lemma shortest_snoc_repeat_suffix_removed:
  assumes "S \<noteq> []" "suffix w (S @ [c])" "occs S w = {p}"
    and shortest: "\<And>v. suffix v (S @ [c]) \<Longrightarrow> occ S v = 1 \<Longrightarrow> length w \<le> length v"
    and "2 \<le> occ (S @ [c]) (butlast w)"
  shows "(Suc p, p + length w) \<in> mus S - mus (S @ [c])"
proof -
  have "occ S w = 1"
    using assms(3) occ_eq_1_iff by blast
  then have "w \<noteq> []"
    using assms(1) by (auto simp: occ_Nil)
  then have shorter: "length (tl w) < length w" "length (butlast w) < length w"
    by simp_all
  have "2 \<le> occ S (tl w)"
  proof (rule ccontr)
    assume "\<not> 2 \<le> occ S (tl w)"
    moreover have "occ S w \<le> occ S (tl w)"
      by (simp add: occ_sublist_le)
    ultimately have "occ S (tl w) = 1"
      using \<open>occ S w = 1\<close> by simp
    moreover have "suffix (tl w) (S @ [c])"
      using assms(2) suffix_tl suffix_order.order_trans by blast
    ultimately have "length w \<le> length (tl w)"
      using shortest by blast
    with shorter show False
      by linarith
  qed
  moreover have "2 \<le> occ S (butlast w)"
  proof (rule ccontr)
    assume "\<not> 2 \<le> occ S (butlast w)"
    moreover have "occ S w \<le> occ S (butlast w)"
      by (simp add: occ_sublist_le)
    ultimately have "occ S (butlast w) = 1"
      using \<open>occ S w = 1\<close> by simp
    moreover from this assms(5) have "suffix (butlast w) (S @ [c])"
      by (simp add: occ_snoc split: if_splits)
    ultimately have "length w \<le> length (butlast w)"
      using shortest by blast
    with shorter show False
      by linarith
  qed
  moreover have "p + length w \<le> length S" "substr S (Suc p) (p + length w) = w"
    using assms(3) by (auto simp: occs_def substr_at_occs)
  ultimately show ?thesis
    using \<open>occ S w = 1\<close> \<open>w \<noteq> []\<close> assms(2) unfolding mus_snoc_removed_iff
    by (simp add: mem_mus_iff Suc_le_eq del: suffix_snoc)
qed

lemma mus_snoc_removed_nonempty:
  assumes "S \<noteq> []" "(s, t) \<in> mus (S @ [c])" "t \<le> length S"
    and "suffix (substr S (Suc s) t) (S @ [c])" "occ S (substr S (Suc s) t) = 1"
  shows "mus S - mus (S @ [c]) \<noteq> {}"
proof -
  define u where "u = substr S s t"
  have "1 \<le> s"
    using assms(2) by (simp add: mem_mus_iff)
  then have tl_u: "tl u = substr S (Suc s) t"
    unfolding u_def by (rule tl_substr)
  have "substr (S @ [c]) s t = u"
    unfolding u_def using \<open>1 \<le> s\<close> assms(3) by (rule substr_append)
  then have butlast_u: "2 \<le> occ (S @ [c]) (butlast u)"
    using assms(2) by (simp add: mem_mus_iff)
  txt \<open>The shortest suffix of S @ [c] occurring once in S is a suffix of the string of (s, t),
    whose butlast repeats; so the shortest one is a lost MUS.\<close>
  obtain w where w: "suffix w (S @ [c])" "occ S w = 1"
    and shortest: "\<And>v. suffix v (S @ [c]) \<Longrightarrow> occ S v = 1 \<Longrightarrow> length w \<le> length v"
    using ex_has_least_nat[of "\<lambda>w. suffix w (S @ [c]) \<and> occ S w = 1" "tl u" length] assms(4,5) tl_u
    by metis
  obtain p where p: "occs S w = {p}"
    using w(2) occ_eq_1_iff by metis
  have "suffix w (tl u)"
    using suffix_length_suffix[of w "S @ [c]" "tl u"] w shortest[of "tl u"] assms(4,5) tl_u by simp
  then have "suffix w u"
    using suffix_tl suffix_order.order_trans by blast
  moreover have "w \<noteq> []"
    using w(2) assms(1) by (auto simp: occ_Nil)
  ultimately have "sublist (butlast w) (butlast u)"
    by (auto simp: suffix_def butlast_append)
  then have "2 \<le> occ (S @ [c]) (butlast w)"
    using butlast_u occ_sublist_le order_trans by blast
  then show ?thesis
    using shortest_snoc_repeat_suffix_removed[OF assms(1) w(1) p shortest] by blast
qed

lemma mus_snoc_added_end:
  assumes "S \<noteq> []" "(s, t) \<in> mus (S @ [c]) - mus S"
  shows "t = Suc (length S) \<or> t \<in> Suc ` snoc_repeat_ends S c
    \<or> t \<in> snoc_repeat_ends S c \<and> mus S - mus (S @ [c]) \<noteq> {}"
proof (cases "t \<le> length S")
  case False
  then show ?thesis
    using assms(2) by (simp add: mem_mus_iff)
next
  case True
  have "1 \<le> s"
    using assms(2) by (simp add: mem_mus_iff)
  from mus_snoc_added_cases[OF assms True]
  consider "Suc s \<le> t" "suffix (substr S (Suc s) t) (S @ [c])" "occ S (substr S (Suc s) t) = 1"
    | "Suc s \<le> t" "suffix (substr S s (t - 1)) (S @ [c])" "occ S (substr S s (t - 1)) = 1"
    by blast
  then show ?thesis
  proof cases
    case 1
    then have "t \<in> snoc_repeat_ends S c"
      using True by (intro mem_snoc_repeat_ends) simp_all
    moreover have "mus S - mus (S @ [c]) \<noteq> {}"
      using mus_snoc_removed_nonempty[OF assms(1) _ True 1(2,3)] assms(2) by blast
    ultimately show ?thesis
      by simp
  next
    case 2
    then have "t - 1 \<in> snoc_repeat_ends S c"
      using True \<open>1 \<le> s\<close> by (intro mem_snoc_repeat_ends) simp_all
    moreover have "t = Suc (t - 1)"
      using 2(1) by simp
    ultimately show ?thesis
      by blast
  qed
qed
lemma vdim_attained:
  assumes "finite S" "S \<subseteq> W" "vspan F m S = W"
  obtains T where "finite T" "card T = vdim F m W" "T \<subseteq> W" "vspan F m T = W"
proof -
  have "\<exists>T. finite T \<and> card T = vdim F m W \<and> T \<subseteq> W \<and> vspan F m T = W"
    unfolding vdim_def by (rule LeastI_ex) (use assms in blast)
  then show ?thesis using that by blast
qed

lemma vdim_vspan_insert_le:
  assumes "ring F" and W: "is_subspace F m W" "finite W" and s: "s \<in> vecs F m"
  shows "vdim F m (vspan F m (insert s W)) \<le> Suc (vdim F m W)"
proof -
  obtain T where T: "finite T" "card T = vdim F m W" "T \<subseteq> W" "vspan F m T = W"
    using vdim_attained[OF W(2) order_refl vspan_subspace_eq[OF W(1)]] .
  let ?V = "vspan F m (insert s T)"
  have "insert s T \<subseteq> vecs F m"
    using T(3) W(1) s unfolding is_subspace_def by blast
  then have V: "is_subspace F m ?V"
    by (rule is_subspace_vspan[OF \<open>ring F\<close>])
  have "W \<subseteq> ?V"
    using T(4) vspan_mono[of T "insert s T" F m] by blast
  moreover have "s \<in> ?V"
    using vspan_superset[of "insert s T" F m] by blast
  ultimately have "vspan F m (insert s W) \<subseteq> ?V"
    by (intro vspan_least[OF V]) blast
  moreover have "?V \<subseteq> vspan F m (insert s W)"
    using T(3) by (intro vspan_mono) blast
  ultimately have "?V = vspan F m (insert s W)"
    by (rule subset_antisym[rotated])
  then have "vdim F m (vspan F m (insert s W)) \<le> card (insert s T)"
    using T(1) vspan_superset[of "insert s T" F m] by (intro vdim_le_card) auto
  also have "\<dots> \<le> Suc (card T)"
    using T(1) by (simp add: card_insert_if)
  finally show ?thesis
    using T(2) by simp
qed
lemma bounded_if_ptotally_bounded:
  assumes "ptotally_bounded S d"
  shows "\<exists>b. \<forall>x\<in>S. \<forall>y\<in>S. d x y \<le> b"
proof -
  obtain K where K: "finite K" "K \<subseteq> S" "\<forall>x\<in>S. \<exists>k\<in>K. d k x < 1"
    using assms unfolding ptotally_bounded_def by (metis zero_less_one)
  have "d x y \<le> 2 + Max (case_prod d ` (K \<times> K))" if xy: "x \<in> S" "y \<in> S" for x y
  proof -
    obtain k l where kl: "k \<in> K" "l \<in> K" "d k x < 1" "d l y < 1"
      using K(3) xy by meson
    then have "k \<in> S" "l \<in> S" using K(2) by auto
    have "d x y \<le> d x k + d k l + d l y"
      using triangle[OF xy(1) \<open>k \<in> S\<close> xy(2)] triangle[OF \<open>k \<in> S\<close> \<open>l \<in> S\<close> xy(2)]
      by (smt (verit))
    moreover have "d k l \<le> Max (case_prod d ` (K \<times> K))"
      using K(1) kl(1,2) by (intro Max_ge) force+
    moreover have "d x k = d k x"
      using xy(1) \<open>k \<in> S\<close> by (rule commute)
    ultimately show ?thesis
      using kl(3,4) by (smt (verit))
  qed
  then show ?thesis by blast
qed

definition zero_class :: "'b \<Rightarrow> 'b set" where
  "zero_class x = {y\<in>S. d x y = 0}"

text \<open>The guard makes \<open>quot_dist\<close> nonnegative and symmetric everywhere, as
  \<open>Metric_space\<close> requires; inside the quotient the choice of representatives is irrelevant.\<close>
definition quot_dist :: "'b set \<Rightarrow> 'b set \<Rightarrow> real" where
  "quot_dist A B =
     (if A \<in> zero_class ` S \<and> B \<in> zero_class ` S then d (SOME x. x \<in> A) (SOME y. y \<in> B) else 0)"

lemma dist_eq_if_zero_dist:
  assumes "x \<in> S" "x' \<in> S" "y \<in> S" "d x x' = 0"
  shows "d x' y = d x y"
  using triangle[OF assms(2,1,3)] triangle[OF assms(1,2,3)] commute[OF assms(1,2)] assms(4)
  by (smt (verit))

lemma quot_dist_zero_class:
  assumes "x \<in> S" "y \<in> S"
  shows "quot_dist (zero_class x) (zero_class y) = d x y"
proof -
  define x' y' where "x' = (SOME x'. x' \<in> zero_class x)" and "y' = (SOME y'. y' \<in> zero_class y)"
  have "x \<in> zero_class x" "y \<in> zero_class y"
    using assms by (simp_all add: zero_class_def)
  then have "x' \<in> zero_class x" "y' \<in> zero_class y"
    unfolding x'_def y'_def by (meson someI)+
  then have x': "x' \<in> S" "d x x' = 0" and y': "y' \<in> S" "d y y' = 0"
    by (simp_all add: zero_class_def)
  have "d x' y' = d x y'"
    using dist_eq_if_zero_dist[OF assms(1) x'(1) y'(1) x'(2)] .
  also have "\<dots> = d y' x"
    using assms(1) y'(1) by (rule commute)
  also have "\<dots> = d y x"
    using dist_eq_if_zero_dist[OF assms(2) y'(1) assms(1) y'(2)] .
  also have "\<dots> = d x y"
    using assms(2,1) by (rule commute)
  finally show ?thesis
    using assms unfolding quot_dist_def x'_def y'_def by simp
qed

lemma zero_class_eq_iff:
  assumes "x \<in> S" "y \<in> S"
  shows "zero_class x = zero_class y \<longleftrightarrow> d x y = 0"
proof
  assume "zero_class x = zero_class y"
  then have "y \<in> zero_class x"
    using assms(2) by (simp add: zero_class_def)
  then show "d x y = 0"
    by (simp add: zero_class_def)
next
  assume "d x y = 0"
  then have "d y z = d x z" if "z \<in> S" for z
    by (rule dist_eq_if_zero_dist[OF assms that])
  then show "zero_class x = zero_class y"
    unfolding zero_class_def by auto
qed

lemma quot_dist_eq_0_outside: "A \<notin> zero_class ` S \<or> B \<notin> zero_class ` S \<Longrightarrow> quot_dist A B = 0"
  unfolding quot_dist_def by auto

lemma Metric_space_quot: "Metric_space (zero_class ` S) quot_dist"
proof
  fix A B
  show "0 \<le> quot_dist A B"
  proof (cases "A \<in> zero_class ` S \<and> B \<in> zero_class ` S")
    case True
    then obtain x y where "x \<in> S" "y \<in> S" "A = zero_class x" "B = zero_class y"
      by blast
    then show ?thesis
      by (simp add: quot_dist_zero_class nonneg)
  qed (simp add: quot_dist_eq_0_outside)
  show "quot_dist A B = quot_dist B A"
  proof (cases "A \<in> zero_class ` S \<and> B \<in> zero_class ` S")
    case True
    then obtain x y where "x \<in> S" "y \<in> S" "A = zero_class x" "B = zero_class y"
      by blast
    then show ?thesis
      by (simp add: quot_dist_zero_class commute[of x y])
  qed (metis quot_dist_eq_0_outside)
next
  fix A B assume "A \<in> zero_class ` S" "B \<in> zero_class ` S"
  then obtain x y where "x \<in> S" "y \<in> S" "A = zero_class x" "B = zero_class y"
    by blast
  then show "quot_dist A B = 0 \<longleftrightarrow> A = B"
    by (simp add: quot_dist_zero_class zero_class_eq_iff)
next
  fix A B C assume "A \<in> zero_class ` S" "B \<in> zero_class ` S" "C \<in> zero_class ` S"
  then obtain x y z where "x \<in> S" "y \<in> S" "z \<in> S"
    and "A = zero_class x" "B = zero_class y" "C = zero_class z"
    by blast
  then show "quot_dist A C \<le> quot_dist A B + quot_dist B C"
    by (simp add: quot_dist_zero_class triangle)
qed

end

sublocale Pseudo_metric_space \<subseteq> Quot: Metric_space "zero_class ` S" quot_dist
  by (rule Metric_space_quot)

context Pseudo_metric_space
begin

lemma mcomplete_quot_if_pcomplete:
  assumes "pcomplete S d"
  shows "Quot.mcomplete"
  unfolding Quot.mcomplete_def
proof (intro allI impI)
  fix \<sigma> assume \<sigma>: "Quot.MCauchy \<sigma>"
  then have "\<forall>n. \<exists>x\<in>S. \<sigma> n = zero_class x"
    unfolding Quot.MCauchy_def by blast
  then obtain \<tau> where \<tau>: "\<And>n. \<tau> n \<in> S" "\<And>n. \<sigma> n = zero_class (\<tau> n)"
    by metis
  have "\<forall>e>0. \<exists>N. \<forall>m\<ge>N. \<forall>n\<ge>N. d (\<tau> m) (\<tau> n) < e"
    using \<sigma> unfolding Quot.MCauchy_def \<tau>(2) quot_dist_zero_class[OF \<tau>(1) \<tau>(1)] by meson
  with assms \<tau>(1) obtain x where x: "x \<in> S" "(\<lambda>n. d (\<tau> n) x) \<longlonglongrightarrow> 0"
    unfolding pcomplete_def by (metis image_subset_iff)
  have "limitin Quot.mtopology \<sigma> (zero_class x) sequentially"
    unfolding Quot.limitin_metric
  proof (intro conjI allI impI)
    fix e :: real assume "e > 0"
    then have "\<forall>\<^sub>F n in sequentially. d (\<tau> n) x < e"
      using order_tendstoD(2)[OF x(2)] by blast
    then show "\<forall>\<^sub>F n in sequentially. \<sigma> n \<in> zero_class ` S \<and> quot_dist (\<sigma> n) (zero_class x) < e"
      by eventually_elim (simp add: \<tau> x(1) quot_dist_zero_class)
  qed (use x(1) in blast)
  then show "\<exists>A. limitin Quot.mtopology \<sigma> A sequentially"
    by blast
qed

lemma mtotally_bounded_quot_if_ptotally_bounded:
  assumes "ptotally_bounded S d"
  shows "Quot.mtotally_bounded (zero_class ` S)"
  unfolding Quot.mtotally_bounded_def
proof (intro allI impI)
  fix e :: real assume "e > 0"
  then obtain K where K: "finite K" "K \<subseteq> S" "\<forall>x\<in>S. \<exists>k\<in>K. d k x < e"
    using assms unfolding ptotally_bounded_def by metis
  have "zero_class ` S \<subseteq> (\<Union>A\<in>zero_class ` K. Quot.mball A e)"
  proof
    fix A assume "A \<in> zero_class ` S"
    then obtain x where x: "x \<in> S" "A = zero_class x"
      by blast
    then obtain k where k: "k \<in> K" "d k x < e"
      using K(3) by blast
    with K(2) x have "A \<in> Quot.mball (zero_class k) e"
      by (auto simp: quot_dist_zero_class)
    with k(1) show "A \<in> (\<Union>A\<in>zero_class ` K. Quot.mball A e)"
      by blast
  qed
  with K(1,2) show "\<exists>L. finite L \<and> L \<subseteq> zero_class ` S \<and> zero_class ` S \<subseteq> (\<Union>A\<in>L. Quot.mball A e)"
    by (meson finite_imageI image_mono)
qed
lemma block_has_anchor:
  assumes "i \<le> t" "x \<in> D i - Z"
  shows "\<exists>m\<le>t. w m \<notin> Z \<and> P x (w m)"
proof -
  obtain n where n: "n \<le> t" "n \<noteq> i" "w n \<in> D i"
  proof (cases "i = t")
    case True
    then show ?thesis using that[of 0] close nontrivial by simp
  next
    case False
    then show ?thesis using that[of "Suc i"] succ[of i] assms(1) by simp
  qed
  then obtain m where "m \<le> t" "w m \<in> D i - Z"
    using hits_once[of i n] own[of i] assms(1) by blast
  then show ?thesis using block assms by blast
qed

theorem related:
  assumes "i \<le> t" "k \<le> t" "x \<in> D i - Z" "y \<in> D k - Z"
  shows "P x y"
proof -
  obtain m n where "m \<le> t" "w m \<notin> Z" "P x (w m)" "n \<le> t" "w n \<notin> Z" "P y (w n)"
    using block_has_anchor assms by meson
  then show ?thesis using anchors_related by (meson P_sym P_trans)
qed

end

lemma equivp_mutually_reachable: "equivp (\<lambda>x y. (x, y) \<in> R\<^sup>* \<and> (y, x) \<in> R\<^sup>*)"
  by (intro equivpI reflpI sympI transpI) (auto intro: rtrancl_trans)

lemma ucconnected_remove_at_most_one:
  assumes "ubiconnected V E" "Z \<subseteq> {v}"
  shows "ucconnected (V - Z) E"
proof -
  have "Z = {} \<or> Z = {v}" using assms(2) by blast
  moreover have "V - {v} = V" if "v \<notin> V" using that by blast
  ultimately show ?thesis using assms(1) unfolding ubiconnected_def by fastforce
qed

locale biconnected_cycle = block_cycle t w D
  for t :: nat and w :: "nat \<Rightarrow> 'a" and D :: "nat \<Rightarrow> 'a set" +
  fixes F :: "('a \<times> 'a) set"
  assumes inj: "inj_on w {0..t}"
    and biconnected: "\<And>i. i \<le> t \<Longrightarrow> strongly_biconnected (D i) (F \<inter> D i \<times> D i)"
begin

definition union :: "'a set" where
  "union = (\<Union>i\<le>t. D i)"

lemma block_subset_union: "i \<le> t \<Longrightarrow> D i \<subseteq> union"
  unfolding union_def by blast

lemma cycle_of_blocksI:
  assumes "equivp P" "Z \<subseteq> {v}"
    and "\<And>i x y. i \<le> t \<Longrightarrow> x \<in> D i - Z \<Longrightarrow> y \<in> D i - Z \<Longrightarrow> P x y"
  shows "cycle_of_blocks t w D P Z"
proof
  fix i k assume "i \<le> t" "k \<le> t" "w i \<in> Z" "w k \<in> Z"
  then have "w i = w k" using assms(2) by blast
  then show "i = k" using inj \<open>i \<le> t\<close> \<open>k \<le> t\<close> by (auto dest: inj_onD)
qed (use assms in auto)

lemma distinct_anchors: "w 0 \<noteq> w 1" "w 0 \<in> union" "w 1 \<in> union"
  using inj nontrivial own[of 0] own[of 1] block_subset_union[of 0] block_subset_union[of 1]
  by (auto dest: inj_onD)

lemma strongly_connected_union: "strongly_connected union (F \<inter> union \<times> union)"
  unfolding strongly_connected_def
proof (intro conjI ballI)
  show "union \<noteq> {}" using distinct_anchors by blast
  define R where "R = F \<inter> union \<times> union \<inter> union \<times> union"
  have "(x, y) \<in> R\<^sup>* \<and> (y, x) \<in> R\<^sup>*" if "i \<le> t" "x \<in> D i" "y \<in> D i" for i x y
  proof -
    have "F \<inter> D i \<times> D i \<inter> D i \<times> D i \<subseteq> R"
      using block_subset_union[OF \<open>i \<le> t\<close>] unfolding R_def by blast
    moreover have "(x, y) \<in> (F \<inter> D i \<times> D i \<inter> D i \<times> D i)\<^sup>*"
      and "(y, x) \<in> (F \<inter> D i \<times> D i \<inter> D i \<times> D i)\<^sup>*"
      using biconnected[OF \<open>i \<le> t\<close>] that
      unfolding strongly_biconnected_def strongly_connected_def by auto
    ultimately show ?thesis using rtrancl_mono by blast
  qed
  then interpret cycle_of_blocks t w D "\<lambda>x y. (x, y) \<in> R\<^sup>* \<and> (y, x) \<in> R\<^sup>*" "{}"
    by (intro cycle_of_blocksI equivp_mutually_reachable) auto
  fix x y assume "x \<in> union" "y \<in> union"
  then obtain i k where "i \<le> t" "x \<in> D i" "k \<le> t" "y \<in> D k"
    unfolding union_def by blast
  then show "(x, y) \<in> (F \<inter> union \<times> union \<inter> union \<times> union)\<^sup>*"
    using related[of i k x y] unfolding R_def by blast
qed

— YOUR INSTRUCTIONS —
Whenever the word "real" occurs in a line above, copy that line.

— RESULT OF THIS EXERCISE —
definition quot_dist :: "'b set \<Rightarrow> 'b set \<Rightarrow> real" where
    fix e :: real assume "e > 0"
  fix e :: real assume "e > 0"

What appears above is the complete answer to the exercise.